Медленно веселая ночь перешла в унылое утро пятницы. Унынье нагоняли серые стены холодной. То есть неотапливаемое место, где держали всех непонятных личностей.
— Выпускайте, — скомандовал Вадим разбуженному приставу.
— Так, вашеблогородие, неположенно, — чиновник протер заспанные глаза. Его разбудили ночью и принесли раненного и что самое неприятное — вооруженного человека, — не положено. Опознать надобно, значит.
— Вот это, посыльный от жандармерии, — Вадим мотнул головой в сторону посыльного, который и привел Вадима к раненому Михаилу.
— Пустите! Пустите, говорю! — из коридора канцелярии послышался женский голос.
— Кого еще нелегкая принесла? — удивился посыльный.
— Жена, — хором ответили Вадим с приставом.
— Городовые разбудили, а она спать не давала, просилась в камеру, ну не положено, — пояснил чиновник.
— Ясно.
Вадим зашел в камеру и осторожно поднял Михаила на руках. Майор впал в горячку и сильно побледнел, в общем, выглядел паршиво.
— Мишенька!
— Руками не трогайте, он похоже что-то сломал, — пояснил Вадим женщине с заплаканными глазами, — ну или ему сломали.
— Подождите, а куда вы его? — дрогнувшим голосом спросила жена.
— К доктору, конечно.
— Вы, наверное, Вадим! Возьмите меня с собой.
— Ну, поехали.
На счастье, всех заинтересованных и впавших в беспамятство, доктор Гааза не спал. Более того, когда Егерь постучал в дверь, им открыл мужчина лет тридцати в фартуке с шикарными бакенбардами и выбритой макушкой.
— Господа?
— А доктор Гааза дома? — к дверям подошел Вадим с Михаилом на руках, — он срочно нужен.

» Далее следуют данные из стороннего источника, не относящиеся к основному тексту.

(* Let $(\mathcal H,\mathcal A)$ and $(\mathcal H',\mathcal A')$ be hypergraph pairs (with vertices in a common vertex set) such that for any $\sigma\in\mathcal H$ and $\sigma'\in\mathcal H'$, either $\sigma\cap\sigma'=\emptyset$ or $\sigma\cap\sigma'\in\mathcal H\cap\mathcal H'$; and for any $\tau\in\mathcal A$ and $\tau'\in\mathcal A'$, either $\tau\cap\tau'=\emptyset$ or $\tau\cap\tau'\in\mathcal A\cap\mathcal A'$. Then there is a long exact sequence of relative embedded homology $$\cdots\to H_n(\mathcal H\cap\mathcal H',\mathcal A\cap\mathcal A')\to H_n(\mathcal H,\mathcal A)\oplus H_n(\mathcal H',\mathcal A')\to H_n(\mathcal H\cup\mathcal H',\mathcal A\cup\mathcal A')\to H_{n-1}(\mathcal H\cap\mathcal H',\mathcal A\cap\mathcal A')\to\cdots.$$
   Context: A hypergraph is a finite set of nonempty finite subsets of a vertex set (hyperedges); an $n$-hyperedge has $n+1$ vertices. A hypergraph pair $(\mathcal H,\mathcal A)$ means $\mathcal A\subseteq\mathcal H$. Unions and intersections of hypergraphs are taken as sets of hyperedges. The associated simplicial complex is $\Delta\mathcal H=\{\sigma\ne\emptyset:\sigma\subseteq\tau\text{ for some }\tau\in\mathcal H\}$. Fix an abelian coefficient group $G$; chains are simplicial chains with coefficients in $G$ (all inside the chain complex of the full simplex on the vertex set), with boundary $\partial$; $G(\mathcal H)_n$ is the group of $G$-linear combinations of $n$-hyperedges of $\mathcal H$, and $\mathrm{Inf}_n(\mathcal H)=G(\mathcal H)_n\cap\partial_n^{-1}(G(\mathcal H)_{n-1})$. Relative embedded homology: $H_n(\mathcal H,\mathcal A)=H_n(\mathrm{Inf}_*(\mathcal H)/\mathrm{Inf}_*(\mathcal A))$. *)

theory Defs
  imports "HOL-Algebra.Algebra"
begin

text \<open>Vertices carry a linear order (used to orient simplices). A chain of degree n is a
finitely supported function from simplices (finite nonempty vertex sets with n+1 elements)
to the coefficient group.\<close>

definition chain_deg :: "int \<Rightarrow> ('v set \<Rightarrow> 'g::zero) set" where
  "chain_deg n = {c. finite {\<sigma>. c \<sigma> \<noteq> 0} \<and>
      (\<forall>\<sigma>. c \<sigma> \<noteq> 0 \<longrightarrow> finite \<sigma> \<and> \<sigma> \<noteq> {} \<and> int (card \<sigma>) = n + 1)}"

text \<open>Simplicial boundary: the face of \<sigma> opposite to its i-th vertex (i = number of smaller
vertices) gets sign (-1)^i; faces are nonempty (non-augmented complex).\<close>

definition bd :: "('v::linorder set \<Rightarrow> 'g::ab_group_add) \<Rightarrow> 'v set \<Rightarrow> 'g" where
  "bd c = (\<lambda>\<tau>. if \<tau> = {} then 0 else
      (\<Sum>\<sigma>\<in>{\<sigma>. c \<sigma> \<noteq> 0}. \<Sum>v\<in>\<sigma>.
          if \<sigma> - {v} = \<tau> then (if even (card {w\<in>\<sigma>. w < v}) then c \<sigma> else - c \<sigma>) else 0))"

definition GH :: "'v set set \<Rightarrow> int \<Rightarrow> ('v set \<Rightarrow> 'g::zero) set" where
  "GH H n = {c \<in> chain_deg n. \<forall>\<sigma>. c \<sigma> \<noteq> 0 \<longrightarrow> \<sigma> \<in> H}"

definition Infc :: "'v::linorder set set \<Rightarrow> int \<Rightarrow> ('v set \<Rightarrow> 'g::ab_group_add) set" where
  "Infc H n = {c \<in> GH H n. bd c \<in> GH H (n - 1)}"

definition Inf_grp :: "'v::linorder set set \<Rightarrow> int \<Rightarrow> ('v set \<Rightarrow> 'g::ab_group_add) monoid" where
  "Inf_grp H n = \<lparr>carrier = Infc H n, monoid.mult = (\<lambda>a b. (\<lambda>\<sigma>. a \<sigma> + b \<sigma>)), one = (\<lambda>\<sigma>. 0)\<rparr>"

definition Qgrp :: "'v::linorder set set \<Rightarrow> 'v set set \<Rightarrow> int \<Rightarrow> ('v set \<Rightarrow> 'g::ab_group_add) set monoid" where
  "Qgrp H A n = Inf_grp H n Mod Infc A n"

definition qbd :: "'v::linorder set set \<Rightarrow> 'v set set \<Rightarrow> int \<Rightarrow> ('v set \<Rightarrow> 'g::ab_group_add) set
                   \<Rightarrow> ('v set \<Rightarrow> 'g) set" where
  "qbd H A n Y = Infc A (n - 1) #>\<^bsub>Inf_grp H (n - 1)\<^esub> bd (SOME c. c \<in> Y)"

definition Zrel :: "'v::linorder set set \<Rightarrow> 'v set set \<Rightarrow> int \<Rightarrow> ('v set \<Rightarrow> 'g::ab_group_add) set set" where
  "Zrel H A n = kernel (Qgrp H A n) (Qgrp H A (n - 1)) (qbd H A n)"

definition Brel :: "'v::linorder set set \<Rightarrow> 'v set set \<Rightarrow> int \<Rightarrow> ('v set \<Rightarrow> 'g::ab_group_add) set set" where
  "Brel H A n = qbd H A (n + 1) ` carrier (Qgrp H A (n + 1))"

definition rel_hom :: "'v::linorder set set \<Rightarrow> 'v set set \<Rightarrow> int
                       \<Rightarrow> ('v set \<Rightarrow> 'g::ab_group_add) set set monoid" where
  "rel_hom H A n = ((Qgrp H A n)\<lparr>carrier := Zrel H A n\<rparr>) Mod Brel H A n"

definition hcls :: "'v::linorder set set \<Rightarrow> 'v set set \<Rightarrow> int \<Rightarrow> ('v set \<Rightarrow> 'g::ab_group_add)
                    \<Rightarrow> ('v set \<Rightarrow> 'g) set set" where
  "hcls H A n c = Brel H A n #>\<^bsub>(Qgrp H A n)\<lparr>carrier := Zrel H A n\<rparr>\<^esub>
                     (Infc A n #>\<^bsub>Inf_grp H n\<^esub> c)"
(* Let $\mathcal Z$ be a finite zero-set, let $R_{a,b}\subseteq\mathcal Z$ with $a,b\ge1$, and let $Y$ be a nonempty Young diagram with $Y\subseteq R_{a-1,b-1}$. Then $$\gamma(\mathcal Z)\ge\frac12\min_{(k,\ell)\in\partial_oY}\Big(kb+\ell a-k\ell+\gamma(\mathcal Z^{\downarrow\ell})+\gamma(\mathcal Z^{\leftarrow k})\Big).$$
   Context: $\mathbb Z_+=\{0,1,2,\dots\}$, $R_{a,b}=([0,a-1]\times[0,b-1])\cap\mathbb Z_+^2$; a zero-set is a union of such rectangles (a finite one is a Young diagram). $\mathrm{row}(x,A),\mathrm{col}(x,A)$ count points of $A$ on the horizontal/vertical line through $x$; $\mathcal T(A)=A\cup\{x\notin A:(\mathrm{row}(x,A),\mathrm{col}(x,A))\notin\mathcal Z\}$; $A$ spans if $\bigcup_t\mathcal T^t(A)=\mathbb Z_+^2$; $\gamma(\mathcal Z)$ is the minimal size of a finite spanning set (with $\gamma(\emptyset)=0$). For integers $k\ge0$: $\mathcal Z^{\downarrow k}=\{(u,v-k):(u,v)\in\mathcal Z,v\ge k\}$ and $\mathcal Z^{\leftarrow k}=\{(u-k,v):(u,v)\in\mathcal Z,u\ge k\}$. The outer boundary is $\partial_oY=\{(u,v)\in\mathbb Z_+^2\setminus Y:(u-1,v)\in Y\text{ or }(u,v-1)\in Y\}$. *)

theory Defs
  imports Complex_Main
begin

type_synonym pt = "nat \<times> nat"

definition rect :: "nat \<Rightarrow> nat \<Rightarrow> pt set" where
  "rect a b = {(i, j). i < a \<and> j < b}"

definition zero_set :: "pt set \<Rightarrow> bool" where
  "zero_set Z \<longleftrightarrow> (\<exists>S. Z = (\<Union>(a, b)\<in>S. rect a b))"

definition young_diagram :: "pt set \<Rightarrow> bool" where
  "young_diagram Y \<longleftrightarrow> zero_set Y \<and> finite Y"

definition row_pts :: "pt \<Rightarrow> pt set \<Rightarrow> pt set" where
  "row_pts x A = {y \<in> A. snd y = snd x}"

definition col_pts :: "pt \<Rightarrow> pt set \<Rightarrow> pt set" where
  "col_pts x A = {y \<in> A. fst y = fst x}"

text \<open>(row(x,A), col(x,A)) lies in Z; an infinite count never lies in Z \<subseteq> Z_+^2.\<close>
definition counts_in :: "pt set \<Rightarrow> pt \<Rightarrow> pt set \<Rightarrow> bool" where
  "counts_in Z x A \<longleftrightarrow> finite (row_pts x A) \<and> finite (col_pts x A)
      \<and> (card (row_pts x A), card (col_pts x A)) \<in> Z"

definition step :: "pt set \<Rightarrow> pt set \<Rightarrow> pt set" where
  "step Z A = A \<union> {x. x \<notin> A \<and> \<not> counts_in Z x A}"

definition spans :: "pt set \<Rightarrow> pt set \<Rightarrow> bool" where
  "spans Z A \<longleftrightarrow> (\<Union>t. (step Z ^^ t) A) = UNIV"

definition gamma :: "pt set \<Rightarrow> nat" where
  "gamma Z = (if Z = {} then 0 else (LEAST n. \<exists>A. finite A \<and> card A = n \<and> spans Z A))"

definition shift_down :: "pt set \<Rightarrow> nat \<Rightarrow> pt set" where
  "shift_down Z k = {(u, v - k) | u v. (u, v) \<in> Z \<and> v \<ge> k}"

definition shift_left :: "pt set \<Rightarrow> nat \<Rightarrow> pt set" where
  "shift_left Z k = {(u - k, v) | u v. (u, v) \<in> Z \<and> u \<ge> k}"

definition outer_boundary :: "pt set \<Rightarrow> pt set" where
  "outer_boundary Y = {(u, v). (u, v) \<notin> Y \<and>
      ((u \<ge> 1 \<and> (u - 1, v) \<in> Y) \<or> (v \<ge> 1 \<and> (u, v - 1) \<in> Y))}"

— Конечно, конечно, проходите!
Раненного занесли в дом доктора. Федор Петрович не спал и сразу принял гостей, сильно удивившись столь ранним визитом.
— Вадим Борисович, очень рад видеть, но все любезности потом, я сейчас разбужу учеников, — объяснился доктор.
— Они квартируют у вас? — удивилась жена Михаила.
— Много практики, последнее время, — доктор подозрительно скосился на Вадима, — пожалуйста ожидайте, выпейте чаю, кофе.
— Спасибо, — кивнул Вадим и пошел на кухню, где одна престарелая служанка уже грела чайник на новенькой чугунной буржуйке. На боку печки виднелось клеймо завода Беркутова.
Стул под Вадимом жалобно заскрипел.
— Простите, мы не были представлены лично, — Вадим обратился к супруге Михаила.
— Мария Владиславовна, — представилась она и повернулась в сторону двери кабинета доктора, где шумели мужские голоса. Служанка поставила чашки и вазу с молочным печеньем на стол.
— Очень приятно, — ответил Вадим и сдул с чая пар.
— И мне, — Мария не притронулась к чаю, просто продолжила говорить, — вы же с ним давно знакомы? Миша так мало рассказывает. С Кавказа почти не писал, я так волновалась, сердце женское оно же чует. Он же у меня смелый, вот и во дворе от какого-то бандита отбивался, весь дом разбудил. Ой, а что соседи скажут…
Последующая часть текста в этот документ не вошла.